Mohamed El-Geish [00:19:36]: A lot of times when we launch models, they come from high level of certainty. That is not true in the lab. So you can say, we've done evaluation offline and we picked the top five models or the top three models. The reality is there is not a single point estimate here for evaluation on these metrics or performance on these metrics. It's an estimate. It's a range with error bars. So there's a level of uncertainty that you have to account for in the next stage of deployment, which is maybe a beta or an A B test. So don't assume that just because these are the top three, that the reality is these are the ones that are going to have the best performance in the bake off online.
Mohamed El-Geish [00:20:19]: Leave some room for your uncertainty. Try to measure it. So it's not a random number that you can come up with for the number of things that you can put into production. And there's also some binding constraints you cannot just put all of your models into production in a b test. If you can, that's great. But the idea is usually there's traffic limitations and what could go wrong could be harder to measure. So with that, leave some room for the uncertainty that you have in prior stages before deploying to the next ones. And of course, ramp up gradually.
Mohamed El-Geish [00:20:52]: So feature flags are your friend. You can have a list of early adopters that you give that experience to smoke. Test the models to see how the changes are, monitor the effects. We've seen this in a lot of companies where you automatically can roll back if you set up guardrails and you trip them. It's very important to know how to put these safety nets and make sure that you do not do something that you cannot predict to the fullest extent. And the this also goes back to the adversarial testing. So we talked about out of distribution testing before. There's cross bias, there is cross domain, and there's also adversarial testing.

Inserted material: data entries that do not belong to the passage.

(* Let $M$ be a non-expandable A-primitive star matrix of a partition of the hypercube ${\bf Z}_q^n$ into subcubes all of the same dimension. Then for every column $c$ of $M$, the number of entries of $c$ lying in ${\bf Z}_q$ is a power of $q$, and there is a transfractal $T$ of $M$ whose leading column is $c$ and whose set of rows is exactly the set of rows in which $c$ has an entry from ${\bf Z}_q$.
   Context: A subcube of ${\bf Z}_q^n$ is obtained by fixing some coordinates and letting the others run through ${\bf Z}_q$; its dimension is the number of free coordinates, and its star pattern is the vector over ${\bf Z}_q\cup\{*\}$ with fixed values in fixed coordinates and $*$ in free ones. The star matrix of a partition of ${\bf Z}_q^n$ into subcubes is the matrix whose rows are the star patterns of the subcubes. It is A-primitive if no column consists only of $*$. Bang: given such an A-primitive star matrix $M$ of a partition into subcubes of equal dimension, a column $i$ and $a\in{\bf Z}_q$, the bang of $M$ at $(i,a)$ is obtained by: (1) deleting column $i$; (2) deleting all rows having in column $i$ a value of ${\bf Z}_q$ different from $a$; (3) replacing each row having $a$ in column $i$ by $q$ identical copies; (4) for each such group of $q$ copies, adjoining a new column having the values $0,1,\dots,q-1$ (each once) in the rows of that group and $*$ in all other rows; (5) deleting all columns consisting only of $*$. (The result is again an A-primitive star matrix of a partition into the same number of subcubes of equal dimension.) $M$ is expandable if some bang of $M$ has more columns than $M$, and non-expandable otherwise. Fractal matrices: $M_{q,0}$ has one row and zero columns; for $m\ge1$, $M_{q,m}$ consists of $q$ horizontal blocks indexed by $a=0,\dots,q-1$, each with $q^{m-1}$ rows; its first column has entry $a$ in every row of block $a$; its remaining columns are divided into $q$ vertical stripes of width equal to the number of columns of $M_{q,m-1}$, and in block $a$ the $a$-th stripe is a copy of $M_{q,m-1}$ while other stripes of block $a$ are all $*$. A fractal matrix is any matrix obtained from some $M_{q,m}$ ($m\ge1$) by permuting rows and columns. A submatrix $T$ of $M$ (a set of rows and a set of columns, not necessarily consecutive) is a transfractal if $T$ is a fractal matrix and each column of $M$ used by $T$ contains only $*$ in all rows of $M$ not used by $T$. The leading column of a transfractal is its unique column containing elements of ${\bf Z}_q$ in all rows of $T$. *)

theory Defs
  imports Main
begin

text \<open>A star matrix is given by a set of row indices R, a set of column indices C and
  entries M r j :: nat option, where None stands for * and Some a for a \<in> Z_q (a < q).\<close>

definition star_entries_ok :: "nat \<Rightarrow> 'r set \<Rightarrow> 'c set \<Rightarrow> ('r \<Rightarrow> 'c \<Rightarrow> nat option) \<Rightarrow> bool" where
  "star_entries_ok q R C M \<longleftrightarrow> (\<forall>r\<in>R. \<forall>j\<in>C. \<forall>a. M r j = Some a \<longrightarrow> a < q)"

definition in_subcube :: "'c set \<Rightarrow> ('r \<Rightarrow> 'c \<Rightarrow> nat option) \<Rightarrow> 'r \<Rightarrow> ('c \<Rightarrow> nat) \<Rightarrow> bool" where
  "in_subcube C M r x \<longleftrightarrow> (\<forall>j\<in>C. M r j = None \<or> M r j = Some (x j))"

definition star_partition :: "nat \<Rightarrow> 'r set \<Rightarrow> 'c set \<Rightarrow> ('r \<Rightarrow> 'c \<Rightarrow> nat option) \<Rightarrow> bool" where
  "star_partition q R C M \<longleftrightarrow> finite R \<and> finite C \<and> star_entries_ok q R C M \<and>
     (\<forall>x. (\<forall>j\<in>C. x j < q) \<longrightarrow> (\<exists>!r. r \<in> R \<and> in_subcube C M r x))"

definition equal_dimension :: "'r set \<Rightarrow> 'c set \<Rightarrow> ('r \<Rightarrow> 'c \<Rightarrow> nat option) \<Rightarrow> bool" where
  "equal_dimension R C M \<longleftrightarrow> (\<exists>d. \<forall>r\<in>R. card {j\<in>C. M r j = None} = d)"

definition A_primitive :: "'r set \<Rightarrow> 'c set \<Rightarrow> ('r \<Rightarrow> 'c \<Rightarrow> nat option) \<Rightarrow> bool" where
  "A_primitive R C M \<longleftrightarrow> (\<forall>j\<in>C. \<exists>r\<in>R. M r j \<noteq> None)"

text \<open>Rows of the result: (r,0) for rows r with * in column i, and
  (r,k), k<q, for the q copies of rows r with a in column i. Columns: Inl j for old columns
  j \<noteq> i, Inr r for the new column adjoined to the group of copies of row r; finally the
  all-* columns are deleted.\<close>
definition bang_rows :: "nat \<Rightarrow> 'r set \<Rightarrow> ('r \<Rightarrow> 'c \<Rightarrow> nat option) \<Rightarrow> 'c \<Rightarrow> nat \<Rightarrow> ('r \<times> nat) set" where
  "bang_rows q R M i a = {(r, k). r \<in> R \<and> M r i = None \<and> k = 0} \<union> {(r, k). r \<in> R \<and> M r i = Some a \<and> k < q}"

Mohamed El-Geish [00:21:34]: Cross bias is basically when you want to see if the features you're using are not necessarily the ones you want the model to rely on. So the standard evaluation will have some behavioral testing. Here's some input, here's some output, and you see how much it matched the output. And then you have the cross bias where you start looking into the structure of the model. Does it really understand the concept of a word or a concept of an adjective, or maybe the concept of some high level abstraction in an image? And if you can see that it relies on the right things in an image detection, or it relies on the right things in language problem, then you have more confidence and it understands these kind of compositionalities. There's also the cost domain, which we talked about. So that's basically the baker being a pilot. You want to see sometimes what happens if the operating conditions have changed, what is the worst thing that could happen? And then there's adversarial testing, which is basically, I'm trying to trick the system.
Mohamed El-Geish [00:22:37]: It doesn't have to be malicious, it doesn't have to be security oriented, but you're trying to see what if this happens. How bad would it be if the system is being tricked? And finally, pre mortem things that could go wrong because you don't know how it's going to be. We ran out of time because of the delay, so we're good. Thank you. Thanks so much.